In this direct use I have in mind the "ordering of the list" doesn't really matter (sorting is just done in above code to make the lists always equal if they hold the same content).


Solution

  • If you need to use a collection of strings as a dictionary key, you have 2 obvious choices: if the order matters, use tuple:

    >>> d[tuple(['foo', 'bar'])] = 'baz'
    >>> d['foo', 'bar']
    baz
    >>> d['bar', 'foo']
    Traceback (most recent call last):
      File "<stdin>", line 1, in <module>
    KeyError: ('bar', 'foo')
    

    If the order must not matter, use frozenset:

    >>> d[frozenset(['foo', 'bar'])] = 'baz'
    >>> d[frozenset(['bar', 'foo'])]
    'baz'
    >>> d[frozenset(['bar', 'foo', 'bar'])]
    'baz'
    

    If the count matters but ordering does not, use sorted with a tuple:

    >>> d[tuple(sorted(['foo', 'bar']))] = 'baz'
    >>> d[tuple(sorted(['bar', 'foo']))]
    'baz'
    >>> d[tuple(sorted(['bar', 'foo', 'bar']))
    Traceback (most recent call last):
      File "<stdin>", line 1, in <module>
    KeyError: ('bar', 'bar', 'foo')
    

    Unlike with Perl hashes, or JavaScript object properties, you do not need to stringify dictionary keys in Python.


    Now, concerning the mutable list not being hashable: The Python dictionary implementation uses the hashtable structure. It specifically requires and assumes of the key that:

    1. the key implements the __hash__ method that returns an integer
    2. that the integers should be as widely spread in the output range, and uniformly mapped, as possible.
    3. that __hash__ method returns an unchanging number for the same object
    4. a == b implies that a.__hash__() == b.__hash__()

    A list is not usable as a dictionary key, as:

    >>> [].__hash__()
    Traceback (most recent call last):
      File "<stdin>", line 1, in <module>
    TypeError: 'NoneType' object is not callable
    

    The list class cannot provide a __hash__ method that could satisfy all the requirements simultaneously a == b needs to imply that a.__hash__() == b.__hash__().

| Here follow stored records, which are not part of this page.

definition Uop :: "real \<Rightarrow> (real \<Rightarrow> real) \<Rightarrow> pfun \<Rightarrow> pfun" where
  "Uop \<mu> F f = (\<lambda>r \<psi> pr p\<psi>. pr * f r \<psi> pr p\<psi> + \<mu> / r * XL F f r \<psi> pr p\<psi>)"

definition Ilam :: "nat \<Rightarrow> real \<Rightarrow> (real \<Rightarrow> real) \<Rightarrow> (real \<Rightarrow> real) \<Rightarrow> pfun" where
  "Ilam n \<mu> F G = (Uop \<mu> F ^^ n) (\<lambda>r \<psi> pr p\<psi>. G \<psi>)"

definition const_of_motion :: "real set \<Rightarrow> (real \<Rightarrow> real) \<Rightarrow> pfun \<Rightarrow> bool" where
  "const_of_motion J F I \<longleftrightarrow>
     (\<forall>r>0. \<forall>\<psi>\<in>J. \<forall>pr p\<psi>. XH F I r \<psi> pr p\<psi> = 0)"

end

theory Submission
  imports Defs
begin

(* 1. Iterates X_L^j G are polynomials in p_psi with smooth coefficients in psi, so all
      partial derivatives below exist.  Since p_r and mu/r commute with X_L, the binomial
      theorem gives  I_n = sum_j C(n,j) p_r^(n-j) (mu/r)^j X_L^j G.
   2. Applying X_H yields a polynomial in p_r with explicit coefficients (XH_coeff), so
      I_n is conserved iff all of them vanish.  The coefficient of p_r^n is (1 - n mu) X_L G,
      which forces n mu = 1 as G is nonconstant; the next one is then proportional to
      X_L^2 G + 2 n^2 L G, equivalently G'' = -n^2 G and F' G' = 2 n^2 F G (angular_odes).
      Conversely these equations give X_L^(j+2) G = -2 n^2 L X_L^j G (X_L annihilates L),
      and then all coefficients vanish by a binomial identity.
   3. The ODEs are solved explicitly: G = A cos (n psi + psi0), and (F sin^2)' = 0 shows
      F = k / sin^2; where the sine vanishes, continuity of F forces F = 0. *)

section \<open>Smooth functions of one variable\<close>

lemma eventually_nhds_eq_on_open:
  "open J \<Longrightarrow> x \<in> J \<Longrightarrow> \<forall>y\<in>J. f y = g y \<Longrightarrow> eventually (\<lambda>y. f y = g y) (nhds x)"
  by (rule eventually_mono[OF eventually_nhds_in_open[of J x]]) auto

lemma differentiable_eventually_eq:
  fixes f g :: "real \<Rightarrow> real"
  assumes "eventually (\<lambda>y. f y = g y) (nhds x)" "f differentiable (at x)"
  shows "g differentiable (at x)"
  using DERIV_cong_ev[OF refl assms(1) refl] assms(2)
  by (metis real_differentiable_def)

(* k-fold differentiability on J; smooth_on J f means Ck_on k J f for all k.
   The finite levels are what makes an induction on k possible. *)
definition Ck_on :: "nat \<Rightarrow> real set \<Rightarrow> (real \<Rightarrow> real) \<Rightarrow> bool" where
  "Ck_on k J f \<longleftrightarrow> (\<forall>m\<le>k. \<forall>x\<in>J. ((deriv ^^ m) f) differentiable (at x))"

lemma Ck_on_0: "Ck_on 0 J f \<longleftrightarrow> (\<forall>x\<in>J. f differentiable (at x))"
  by (simp add: Ck_on_def)

lemma Ck_on_Suc:
  "Ck_on (Suc k) J f \<longleftrightarrow> (\<forall>x\<in>J. f differentiable (at x)) \<and> Ck_on k J (deriv f)"
proof -
  have split_Suc: "(\<forall>m\<le>Suc k. P m) \<longleftrightarrow> P 0 \<and> (\<forall>m\<le>k. P (Suc m))" for P :: "nat \<Rightarrow> bool"
    by (metis Suc_le_mono le0 not0_implies_Suc)
  show ?thesis
    unfolding Ck_on_def split_Suc by (simp add: funpow_Suc_right del: funpow.simps)
qed

lemma Ck_on_Suc_imp: "Ck_on (Suc k) J f \<Longrightarrow> Ck_on k J f"
  by (simp add: Ck_on_def)

lemma smooth_on_iff_Ck_on: "smooth_on J f \<longleftrightarrow> (\<forall>k. Ck_on k J f)"
  unfolding smooth_on_def Ck_on_def by blast

lemma Ck_on_cong:
  assumes "open J" "\<forall>x\<in>J. f x = g x" "Ck_on k J f"
  shows "Ck_on k J g"
  using assms(2,3)
proof (induction k arbitrary: f g)
  case 0
  then show ?case
    using differentiable_eventually_eq[OF eventually_nhds_eq_on_open[OF assms(1)]]
    by (auto simp: Ck_on_0)
next
  case (Suc k)
  have "\<forall>x\<in>J. deriv f x = deriv g x"
    using deriv_cong_ev[OF eventually_nhds_eq_on_open[OF assms(1) _ Suc.prems(1)] refl] by blast
  then show ?case
    using Suc differentiable_eventually_eq[OF eventually_nhds_eq_on_open[OF assms(1)]]
    by (auto simp: Ck_on_Suc)
qed

lemma Ck_on_add:
  assumes "open J" "Ck_on k J f" "Ck_on k J g"
  shows "Ck_on k J (\<lambda>x. f x + g x)"
  using assms(2,3)
proof (induction k arbitrary: f g)
  case 0
  then show ?case by (auto simp: Ck_on_0)
next
  case (Suc k)
  have "\<forall>x\<in>J. deriv f x + deriv g x = deriv (\<lambda>x. f x + g x) x"
    using Suc.prems
    by (auto simp: Ck_on_Suc DERIV_deriv_iff_real_differentiable[symmetric]
             intro!: DERIV_imp_deriv[symmetric] DERIV_add)
  then have "Ck_on k J (deriv (\<lambda>x. f x + g x))"
    using Ck_on_cong[OF assms(1)] Suc by (auto simp: Ck_on_Suc)
  with Suc.prems show ?case by (auto simp: Ck_on_Suc)
qed

lemma Ck_on_mult:
  assumes "open J" "Ck_on k J f" "Ck_on k J g"
  shows "Ck_on k J (\<lambda>x. f x * g x)"
  using assms(2,3)
proof (induction k arbitrary: f g)
  case 0
  then show ?case by (auto simp: Ck_on_0)
next
  case (Suc k)
  have product_rule: "\<forall>x\<in>J. deriv f x * g x + f x * deriv g x = deriv (\<lambda>x. f x * g x) x"
  proof
    fix x assume "x \<in> J"
    then have "DERIV f x :> deriv f x" "DERIV g x :> deriv g x"
      using Suc.prems by (auto simp: Ck_on_Suc DERIV_deriv_iff_real_differentiable)
    from DERIV_mult'[OF this] show "deriv f x * g x + f x * deriv g x = deriv (\<lambda>x. f x * g x) x"
      by (simp add: DERIV_imp_deriv)
  qed
  have "Ck_on k J (\<lambda>x. deriv f x * g x)"
    using Suc.IH[of "deriv f" g] Suc.prems(1) Ck_on_Suc_imp[OF Suc.prems(2)]
    by (simp add: Ck_on_Suc)
  moreover have "Ck_on k J (\<lambda>x. f x * deriv g x)"
    using Suc.IH[of f "deriv g"] Suc.prems(2) Ck_on_Suc_imp[OF Suc.prems(1)]
    by (simp add: Ck_on_Suc)
  ultimately have "Ck_on k J (\<lambda>x. deriv f x * g x + f x * deriv g x)"
    by (rule Ck_on_add[OF assms(1)])
  then have "Ck_on k J (deriv (\<lambda>x. f x * g x))"
    by (rule Ck_on_cong[OF assms(1) product_rule])
  with Suc.prems show ?case by (auto simp: Ck_on_Suc)
qed

lemma smooth_on_DERIV: "smooth_on J f \<Longrightarrow> x \<in> J \<Longrightarrow> DERIV f x :> deriv f x"
  by (auto simp: smooth_on_iff_Ck_on Ck_on_0 DERIV_deriv_iff_real_differentiable dest: spec[of _ 0])

lemma smooth_on_deriv: "smooth_on J f \<Longrightarrow> smooth_on J (deriv f)"
  by (auto simp: smooth_on_iff_Ck_on Ck_on_Suc dest: spec[of _ "Suc k" for k])

lemma smooth_on_const: "smooth_on J (\<lambda>x. c)"
proof -
  have "Ck_on k J (\<lambda>x. c)" for k c
    by (induction k arbitrary: c) (simp_all add: Ck_on_0 Ck_on_Suc)
  then show ?thesis by (simp add: smooth_on_iff_Ck_on)
qed

lemma smooth_on_mult:
  "open J \<Longrightarrow> smooth_on J f \<Longrightarrow> smooth_on J g \<Longrightarrow> smooth_on J (\<lambda>x. f x * g x)"
  by (simp add: smooth_on_iff_Ck_on Ck_on_mult)

section \<open>Polynomials in the angular momentum and the operator X_L\<close>

(* X_L acting on functions of (psi, p_psi); on phase-space functions XL acts in the
   same way on these two arguments, with r and p_r as parameters. *)
definition XLp :: "(real \<Rightarrow> real) \<Rightarrow> (real \<Rightarrow> real \<Rightarrow> real) \<Rightarrow> real \<Rightarrow> real \<Rightarrow> real" where
  "XLp F g = (\<lambda>\<psi> p. p * deriv (\<lambda>x. g x p) \<psi> - deriv F \<psi> * deriv (\<lambda>y. g \<psi> y) p)"

(* A polynomial in p with coefficient functions of psi, given as a list of pairs
   (coefficient, exponent), and the effect of X_L on such a list. *)
definition poly_eval :: "((real \<Rightarrow> real) \<times> nat) list \<Rightarrow> real \<Rightarrow> real \<Rightarrow> real" where
  "poly_eval cs \<psi> p = (\<Sum>(a, e)\<leftarrow>cs. a \<psi> * p ^ e)"

lemma poly_eval_simps [simp]:
  "poly_eval [] \<psi> p = 0"
  "poly_eval ((a, e) # cs) \<psi> p = a \<psi> * p ^ e + poly_eval cs \<psi> p"
  "poly_eval (cs @ ds) \<psi> p = poly_eval cs \<psi> p + poly_eval ds \<psi> p"
  by (simp_all add: poly_eval_def)

definition XLp_coeffs :: "(real \<Rightarrow> real) \<Rightarrow> ((real \<Rightarrow> real) \<times> nat) list \<Rightarrow> ((real \<Rightarrow> real) \<times> nat) list" where
  "XLp_coeffs F cs =
     concat (map (\<lambda>(a, e). [(deriv a, Suc e), (\<lambda>\<psi>. - real e * (deriv F \<psi> * a \<psi>), e - 1)]) cs)"

lemma XLp_coeffs_simps [simp]:
  "XLp_coeffs F [] = []"
  "XLp_coeffs F ((a, e) # cs) =
     [(deriv a, Suc e), (\<lambda>\<psi>. - real e * (deriv F \<psi> * a \<psi>), e - 1)] @ XLp_coeffs F cs"
  by (simp_all add: XLp_coeffs_def)

lemma poly_eval_DERIV_psi:
  assumes "\<forall>(a, e)\<in>set cs. smooth_on J a" "\<psi> \<in> J"
  shows "((\<lambda>x. poly_eval cs x p) has_real_derivative (\<Sum>(a, e)\<leftarrow>cs. deriv a \<psi> * p ^ e)) (at \<psi>)"
  using assms(1)
proof (induction cs)
  case (Cons c cs)
  then show ?case
    using smooth_on_DERIV[OF _ assms(2)] by (cases c) (auto intro!: derivative_eq_intros)
qed simp

lemma poly_eval_DERIV_p:
  "((\<lambda>y. poly_eval cs \<psi> y) has_real_derivative (\<Sum>(a, e)\<leftarrow>cs. a \<psi> * (real e * p ^ (e - 1)))) (at p)"
proof (induction cs)
  case (Cons c cs)
  then show ?case by (cases c) (auto intro!: derivative_eq_intros)
qed simp

lemma poly_eval_XLp_coeffs:
  "poly_eval (XLp_coeffs F cs) \<psi> p =
     p * (\<Sum>(a, e)\<leftarrow>cs. deriv a \<psi> * p ^ e) - deriv F \<psi> * (\<Sum>(a, e)\<leftarrow>cs. a \<psi> * (real e * p ^ (e - 1)))"
proof (induction cs)
  case (Cons c cs)
  then show ?case by (cases c) (simp add: algebra_simps)
qed simp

    (It *could provide an implementation that returns 0 for each list, and it would work correctly then, but it would refute the use of hashing altogether, as all lists would be mapped to the same slot in the dictionary, as the hash codes would break the rule 2).

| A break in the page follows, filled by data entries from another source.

fun sat :: "('a,'f,'r) struct \<Rightarrow> (nat \<Rightarrow> 'a) \<Rightarrow> ('f,'r) fm \<Rightarrow> bool" where
  "sat M s Falsum = False"
| "sat M s (Eq t u) = (eval M s t = eval M s u)"
| "sat M s (Rel r ts) = rel_int M r (map (eval M s) ts)"
| "sat M s (Neg \<phi>) = (\<not> sat M s \<phi>)"
| "sat M s (Conj \<phi> \<psi>) = (sat M s \<phi> \<and> sat M s \<psi>)"
| "sat M s (Ex x \<phi>) = (\<exists>d\<in>dom M. sat M (s(x := d)) \<phi>)"

definition Th :: "('f,'r) signature \<Rightarrow> ('a,'f,'r) struct \<Rightarrow> ('f,'r) fm set" where
  "Th L M = {\<sigma>. wf_fm L \<sigma> \<and> FV \<sigma> = {} \<and> (\<forall>s. range s \<subseteq> dom M \<longrightarrow> sat M s \<sigma>)}"

definition complete_theory :: "'b itself \<Rightarrow> ('f,'r) signature \<Rightarrow> ('f,'r) fm set \<Rightarrow> bool" where
  "complete_theory _ L T \<longleftrightarrow> (\<exists>N :: ('b,'f,'r) struct. is_structure L N \<and> T = Th L N)"

definition solutions :: "('a,'f,'r) struct \<Rightarrow> nat list \<Rightarrow> ('f,'r) fm \<Rightarrow> 'a list set" where
  "solutions M xs \<phi> = {as. length as = length xs \<and> set as \<subseteq> dom M \<and>
      (\<exists>s. range s \<subseteq> dom M \<and> (\<forall>i<length xs. s (xs ! i) = as ! i) \<and> sat M s \<phi>)}"

definition univ_close :: "nat list \<Rightarrow> ('f,'r) fm \<Rightarrow> ('f,'r) fm" where
  "univ_close vs \<phi> = foldr All vs \<phi>"

definition equiv_in :: "('f,'r) fm set \<Rightarrow> ('f,'r) fm \<Rightarrow> ('f,'r) fm \<Rightarrow> bool" where
  "equiv_in T \<phi> \<psi> \<longleftrightarrow>
     univ_close (sorted_list_of_set (FV \<phi> \<union> FV \<psi>)) (Iff \<phi> \<psi>) \<in> T"

inductive_set bool_comb :: "('f,'r) fm set \<Rightarrow> ('f,'r) fm set" for S where
  base: "\<phi> \<in> S \<Longrightarrow> \<phi> \<in> bool_comb S"
| neg: "\<phi> \<in> bool_comb S \<Longrightarrow> Neg \<phi> \<in> bool_comb S"
| conj: "\<phi> \<in> bool_comb S \<Longrightarrow> \<psi> \<in> bool_comb S \<Longrightarrow> Conj \<phi> \<psi> \<in> bool_comb S"

text \<open>Expansions use symbols of type 'f + nat / 'r + nat: old symbols are
 embedded via Inl, and Inr provides fresh symbols of every arity.\<close>

definition embed_fm :: "('f,'r) fm \<Rightarrow> ('f + nat, 'r + nat) fm" where
  "embed_fm = map_fm Inl Inl"

definition embed_sig :: "('f,'r) signature \<Rightarrow> ('f + nat, 'r + nat) signature" where
  "embed_sig L = ((\<lambda>(f,n). (Inl f, n)) ` fst L, (\<lambda>(r,n). (Inl r, n)) ` snd L)"

definition is_expansion ::
  "'b itself \<Rightarrow> ('f,'r) signature \<Rightarrow> ('f,'r) fm set
     \<Rightarrow> ('f + nat, 'r + nat) signature \<Rightarrow> ('f + nat, 'r + nat) fm set \<Rightarrow> bool" where
  "is_expansion B L T L' T' \<longleftrightarrow>
     fst (embed_sig L) \<subseteq> fst L' \<and> snd (embed_sig L) \<subseteq> snd L' \<and>
     complete_theory B L' T' \<and> embed_fm ` T \<subseteq> T'"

    It is also not possible to create a __hash__ method for a list:

    >>> [].__hash__ = lambda x: 0
    Traceback (most recent call last):
      File "<stdin>", line 1, in <module>
    AttributeError: 'list' object attribute '__hash__' is read-only
    

    Of course we can always see what would happen if list would have the __hash__ method - we create a subclass of list and provide __hash__ there; the obvious implementation for the hash code would be that of the tuple():

    >>> class hashablelist(list):
    ...     def __hash__(self):
    ...         return hash(tuple(self))
    ... 
    >>> x = hashablelist(['a', 'b', 'c'])
    >>> y = hashablelist(['a', 'b', 'd'])
    >>> d = {}
    >>> d[x] = 'foo'
    >>> d[y] = 'bar'
    >>> d.items()
    [(['a', 'b', 'c'], 'foo'), (['a', 'b', 'd'], 'bar')]
    >>> y[2] = 'c'
    >>> d.items()
    [(['a', 'b', 'c'], 'foo'), (['a', 'b', 'c'], 'bar')]
    >>> del d[x]
    >>> del d[y]
    Traceback (most recent call last):
      File "<stdin>", line 1, in <module>
    KeyError: ['a', 'b', 'c']
    >>> d.items()
    [(['a', 'b', 'c'], 'bar')]
    >>> x in d
    False
    >>> y in d
    False
    >>> x in d.keys()
    True
    >>> y in d.keys()
    True
    

    The code shows that we just managed to get a broken dictionary as a result - there is no way of accessing or removing the ['a', 'b', 'c'] -> 'bar' pair directly by the key, even though it is visible in .keys(), .values() and .items().